На этот раз ждем начала выгрузки Триста пятой пехотной. Обхожу посты, слежу за тем, чтобы у бойцов не кончалась вода. В такие часы на первый план выходят какие-то обыденные мелочи, вроде нестерпимого желания облегчиться в самый неподходящий момент. По одному, строго по графику, отряжаю своих в гальюн для персонала, чей заглубленный в бетон круглый колпак торчит от нас в сотне метров. Фигурки цвета пыльного бетона бегом стекаются туда со всех сторон зоны оцепления.
Бауэр подходит в сопровождении Сото. Демонстрирует ротному свою расторопность и обязательность. Обходит посты каждые два часа. Как будто нельзя все увидеть через командирский такблок, не вставая с места. Меня уже тошнит от его делано-озабоченной рожи, но доклад делаю четко.
– Трюдо, твои что, гальюн решили штурмом взять? – ехидно интересуется взводный. – Как ни пойду мимо, они все время там.
– Никак нет, сэр! Облегчаются строго по графику, – отвечаю.
Краем глаза вижу, как подмигивает мне из-за лейтенантского плеча Сото. Типа: «Не дрейфь, Француз». Сото свой мужик. Из кадровых. Отодрать за дело или для профилактики может – мало не покажется, но попусту своего сержанта не тронет. «Ты делаешь все, как надо, – я делаю вид, что меня нет». Не то что этот резьбовой мудак.

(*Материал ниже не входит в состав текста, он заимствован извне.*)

(* Let $X=\Gamma\backslash G$ be a compact 2-step nilmanifold with abelian invariant complex structure $J$, and suppose the center $\mathfrak c$ of $\mathfrak g$ has complex dimension $1$ (real dimension $2$). Suppose that every direction of the virtual parameter space $H^1(X,\Theta_X)$ integrates to a 1-parameter family of abelian complex structures; precisely, suppose every $\overline\partial$-closed $\mu\in\mathfrak g^{*(0,1)}\otimes\mathfrak g^{1,0}$ generates an abelian deformation. Then $\mathfrak g$ is isomorphic to $\mathfrak h_{2n+1}\oplus\mathbb R$, the direct sum of the $(2n+1)$-dimensional Heisenberg algebra and the 1-dimensional abelian algebra, where $\dim_{\mathbb R}\mathfrak g=2n+2$ (with the convention $\mathfrak h_1=\mathbb R$).
   Context: $\mathfrak g$ is the Lie algebra of the simply connected group $G$, real 2-step nilpotent, with abelian complex structure $J$ ($J^2=-1$, $[JA,JB]=[A,B]$ for all $A,B$); $\Gamma$ is discrete co-compact; $\Theta_X$ the holomorphic tangent sheaf of $X$. $\mathfrak t$ is a $J$-invariant complement of $\mathfrak c$ with real basis $\{X_j,JX_j\}_{1\le j\le n}$; $\{Z,JZ\}$ a real basis of $\mathfrak c$; $T_j=\frac12(X_j-iJX_j)$, $W=\frac12(Z-iJZ)$ a basis of $\mathfrak g^{1,0}$; $[\overline T_k,T_j]=E_{kj}W+F_{kj}\overline W$ with $F_{kj}=-\overline{E_{jk}}$. $\{\omega^p\}$ is the dual $(1,0)$-basis, $\mathfrak g^{*(0,1)}=\mathrm{span}\{\overline\omega^p\}$, and elements of $\mathfrak g^{*(0,1)}\otimes\mathfrak g^{1,0}$ are viewed as maps $\mathfrak g^{0,1}\to\mathfrak g^{1,0}$. $\overline\partial$ on $\mathfrak g^{*(0,1)}\otimes\mathfrak g^{1,0}$: $\overline\partial V=\sum_p\overline\omega^p\otimes[\overline e_p,V]^{1,0}$ for $V\in\mathfrak g^{1,0}$, $\overline\partial\overline\sigma=(d\overline\sigma)^{(0,2)}$, $\overline\partial(\overline\sigma\otimes V)=\overline\partial\overline\sigma\otimes V-\overline\sigma\wedge\overline\partial V$. "$\mu$ generates an abelian deformation" means: there is a power series $\Phi(t)=\sum_{r\ge1}t^r\phi_r$ with $\phi_r\in\mathfrak g^{*(0,1)}\otimes\mathfrak g^{1,0}$, $\phi_1=\mu$, convergent for small real $t$, such that for small $t$ all brackets among the vectors $\overline T_j+\Phi(t)\overline T_j$, $\overline W+\Phi(t)\overline W$ vanish. *)

theory Defs
  imports "HOL-Analysis.Analysis"
begin

definition lie_algebra :: "('a::real_vector \<Rightarrow> 'a \<Rightarrow> 'a) \<Rightarrow> bool" where
  "lie_algebra br \<longleftrightarrow> bilinear br \<and> (\<forall>x y. br x y = - br y x)
     \<and> (\<forall>x y z. br x (br y z) + br y (br z x) + br z (br x y) = 0)"

definition two_step_nilpotent :: "('a::real_vector \<Rightarrow> 'a \<Rightarrow> 'a) \<Rightarrow> bool" where
  "two_step_nilpotent br \<longleftrightarrow> (\<forall>x y z. br x (br y z) = 0)"

definition lie_center :: "('a::real_vector \<Rightarrow> 'a \<Rightarrow> 'a) \<Rightarrow> 'a set" where
  "lie_center br = {z. \<forall>a. br z a = 0}"

definition abelian_complex_structure ::
  "('a::real_vector \<Rightarrow> 'a \<Rightarrow> 'a) \<Rightarrow> ('a \<Rightarrow> 'a) \<Rightarrow> bool" where
  "abelian_complex_structure br J \<longleftrightarrow> linear J \<and> (\<forall>a. J (J a) = - a)
     \<and> (\<forall>a b. br (J a) (J b) = br a b)"

text \<open>Existence of a basis with rational structure constants
  (Malcev: equivalent to the existence of a co-compact lattice Gamma in G).\<close>
definition rational_structure :: "('a::euclidean_space \<Rightarrow> 'a \<Rightarrow> 'a) \<Rightarrow> bool" where
  "rational_structure br \<longleftrightarrow> (\<exists>b :: nat \<Rightarrow> 'a. \<exists>c :: nat \<Rightarrow> nat \<Rightarrow> nat \<Rightarrow> real.
      inj_on b {..<DIM('a)} \<and> independent (b ` {..<DIM('a)}) \<and> span (b ` {..<DIM('a)}) = UNIV
      \<and> (\<forall>i j k. c i j k \<in> \<rat>)
      \<and> (\<forall>i<DIM('a). \<forall>j<DIM('a). br (b i) (b j) = (\<Sum>k<DIM('a). c i j k *\<^sub>R b k)))"

section \<open>Complexification g_C = g \<oplus> i g, elements (u,v) standing for u + i v\<close>

definition cmul :: "complex \<Rightarrow> 'a::real_vector \<times> 'a \<Rightarrow> 'a \<times> 'a" where
  "cmul c x = (Re c *\<^sub>R fst x - Im c *\<^sub>R snd x, Re c *\<^sub>R snd x + Im c *\<^sub>R fst x)"

definition cbr :: "('a::real_vector \<Rightarrow> 'a \<Rightarrow> 'a) \<Rightarrow> 'a \<times> 'a \<Rightarrow> 'a \<times> 'a \<Rightarrow> 'a \<times> 'a" where
  "cbr br x y = (br (fst x) (fst y) - br (snd x) (snd y), br (fst x) (snd y) + br (snd x) (fst y))"

definition cJ :: "('a \<Rightarrow> 'a) \<Rightarrow> 'a \<times> 'a \<Rightarrow> 'a \<times> 'a" where
  "cJ J x = (J (fst x), J (snd x))"

definition g10 :: "('a::real_vector \<Rightarrow> 'a) \<Rightarrow> ('a \<times> 'a) set" where
  "g10 J = {x. cJ J x = cmul \<i> x}"

definition g01 :: "('a::real_vector \<Rightarrow> 'a) \<Rightarrow> ('a \<times> 'a) set" where
  "g01 J = {x. cJ J x = cmul (- \<i>) x}"

definition proj10 :: "('a::real_vector \<Rightarrow> 'a) \<Rightarrow> 'a \<times> 'a \<Rightarrow> 'a \<times> 'a" where
  "proj10 J x = cmul (1/2) (x - cmul \<i> (cJ J x))"

text \<open>Elements of g^{*(0,1)} \<otimes> g^{1,0}: complex-linear maps g^{0,1} \<rightarrow> g^{1,0}
  (only their values on g^{0,1} matter).\<close>
definition form01_10 :: "('a::real_vector \<Rightarrow> 'a) \<Rightarrow> ('a \<times> 'a \<Rightarrow> 'a \<times> 'a) \<Rightarrow> bool" where
  "form01_10 J \<phi> \<longleftrightarrow> (\<forall>A\<in>g01 J. \<phi> A \<in> g10 J)
     \<and> (\<forall>A\<in>g01 J. \<forall>B\<in>g01 J. \<phi> (A + B) = \<phi> A + \<phi> B)
     \<and> (\<forall>c. \<forall>A\<in>g01 J. \<phi> (cmul c A) = cmul c (\<phi> A))"

text \<open>dbar of mu, as a g^{1,0}-valued (0,2)-form evaluated on (A,B) in g^{0,1}:
  (dbar mu)(A,B) = [A, mu B]^{1,0} - [B, mu A]^{1,0} - mu([A,B]).\<close>
definition dbar :: "('a::real_vector \<Rightarrow> 'a \<Rightarrow> 'a) \<Rightarrow> ('a \<Rightarrow> 'a) \<Rightarrow> ('a \<times> 'a \<Rightarrow> 'a \<times> 'a)
    \<Rightarrow> 'a \<times> 'a \<Rightarrow> 'a \<times> 'a \<Rightarrow> 'a \<times> 'a" where
  "dbar br J \<mu> A B = proj10 J (cbr br A (\<mu> B)) - proj10 J (cbr br B (\<mu> A)) - \<mu> (cbr br A B)"

definition dbar_closed :: "('a::real_vector \<Rightarrow> 'a \<Rightarrow> 'a) \<Rightarrow> ('a \<Rightarrow> 'a) \<Rightarrow> ('a \<times> 'a \<Rightarrow> 'a \<times> 'a) \<Rightarrow> bool" where
  "dbar_closed br J \<mu> \<longleftrightarrow> (\<forall>A\<in>g01 J. \<forall>B\<in>g01 J. dbar br J \<mu> A B = 0)"

text \<open>mu generates an abelian deformation: Phi(t) = sum_{r>=1} t^r phi_r with phi_1 = mu
  (here phi_r is written \<phi> (r-1)), convergent for small real t, and for small t the
  deformed (0,1)-vectors A + Phi(t) A pairwise commute.\<close>
definition generates_abelian_deformation ::
  "('a::real_normed_vector \<Rightarrow> 'a \<Rightarrow> 'a) \<Rightarrow> ('a \<Rightarrow> 'a) \<Rightarrow> ('a \<times> 'a \<Rightarrow> 'a \<times> 'a) \<Rightarrow> bool" where
  "generates_abelian_deformation br J \<mu> \<longleftrightarrow>
     (\<exists>\<phi> :: nat \<Rightarrow> ('a \<times> 'a \<Rightarrow> 'a \<times> 'a).
        (\<forall>r. form01_10 J (\<phi> r)) \<and> (\<forall>A\<in>g01 J. \<phi> 0 A = \<mu> A) \<and>
        (\<exists>\<epsilon>>0. \<forall>t::real. \<bar>t\<bar> < \<epsilon> \<longrightarrow>
            (\<forall>A\<in>g01 J. summable (\<lambda>r. t ^ Suc r *\<^sub>R \<phi> r A)) \<and>
            (\<forall>A\<in>g01 J. \<forall>B\<in>g01 J.
               cbr br (A + (\<Sum>r. t ^ Suc r *\<^sub>R \<phi> r A)) (B + (\<Sum>r. t ^ Suc r *\<^sub>R \<phi> r B)) = 0)))"

text \<open>g is isomorphic to h_{2n+1} \<oplus> R: there is a basis x_1..x_n, y_1..y_n, z, w
  (b 0..b(n-1), b n..b(2n-1), b(2n), b(2n+1)) with [x_i,y_i] = z and all other brackets
  of basis vectors zero (besides [y_i,x_i] = -z).  For n = 0 this is R^2 (h_1 = R).\<close>
definition iso_heis_plus_R :: "('a::real_vector \<Rightarrow> 'a \<Rightarrow> 'a) \<Rightarrow> nat \<Rightarrow> bool" where
  "iso_heis_plus_R br n \<longleftrightarrow> (\<exists>b :: nat \<Rightarrow> 'a.
      inj_on b {..<2*n+2} \<and> independent (b ` {..<2*n+2}) \<and> span (b ` {..<2*n+2}) = UNIV \<and>
      (\<forall>i<2*n+2. \<forall>j<2*n+2. br (b i) (b j) =
          (if i < n \<and> j = n + i then b (2*n)
           else if j < n \<and> i = n + j then - b (2*n) else 0)))"

end

theory Submission
  imports Defs
begin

Взводный осматривает посты, даже спрыгивает в один из окопчиков, как раз туда, где разложил свою дуру наш императорский тезка. Иду за ним следом, рядом с невозмутимым Сото, сопровождаю проверяющего как положено. Мои мужики сосредоточенно пялятся перед собой поверх стволов, старательно изображая повышенное внимание, – кто его знает, что этому придурку в голову стукнет? Их порядком достали мои неувязки со взводным, и достается нам из-за этого частенько, но пока парни держатся. Не ворчат.
Блокада, объявленная Императором, почему-то не касается Английской зоны. Пока взводный ползает по окопчикам, краем глаза отмечаю, как на самой границе видимости с тяжелым рокотом поднимаются челноки «Дюпон Шеридан», раскрашенные в черно-желтые поперечные полосы, словно толстозадые осы. Это наблюдение как-то незаметно оседает в голове и навязчиво прокручивается в минуты, когда я позволяю себе присесть и глотнуть воды. Получается, Его Величество перекрыл кран избирательно. От размышлений о том, с чего бы это вдруг, начинает ломить виски. Определенно думать на службе – вредно.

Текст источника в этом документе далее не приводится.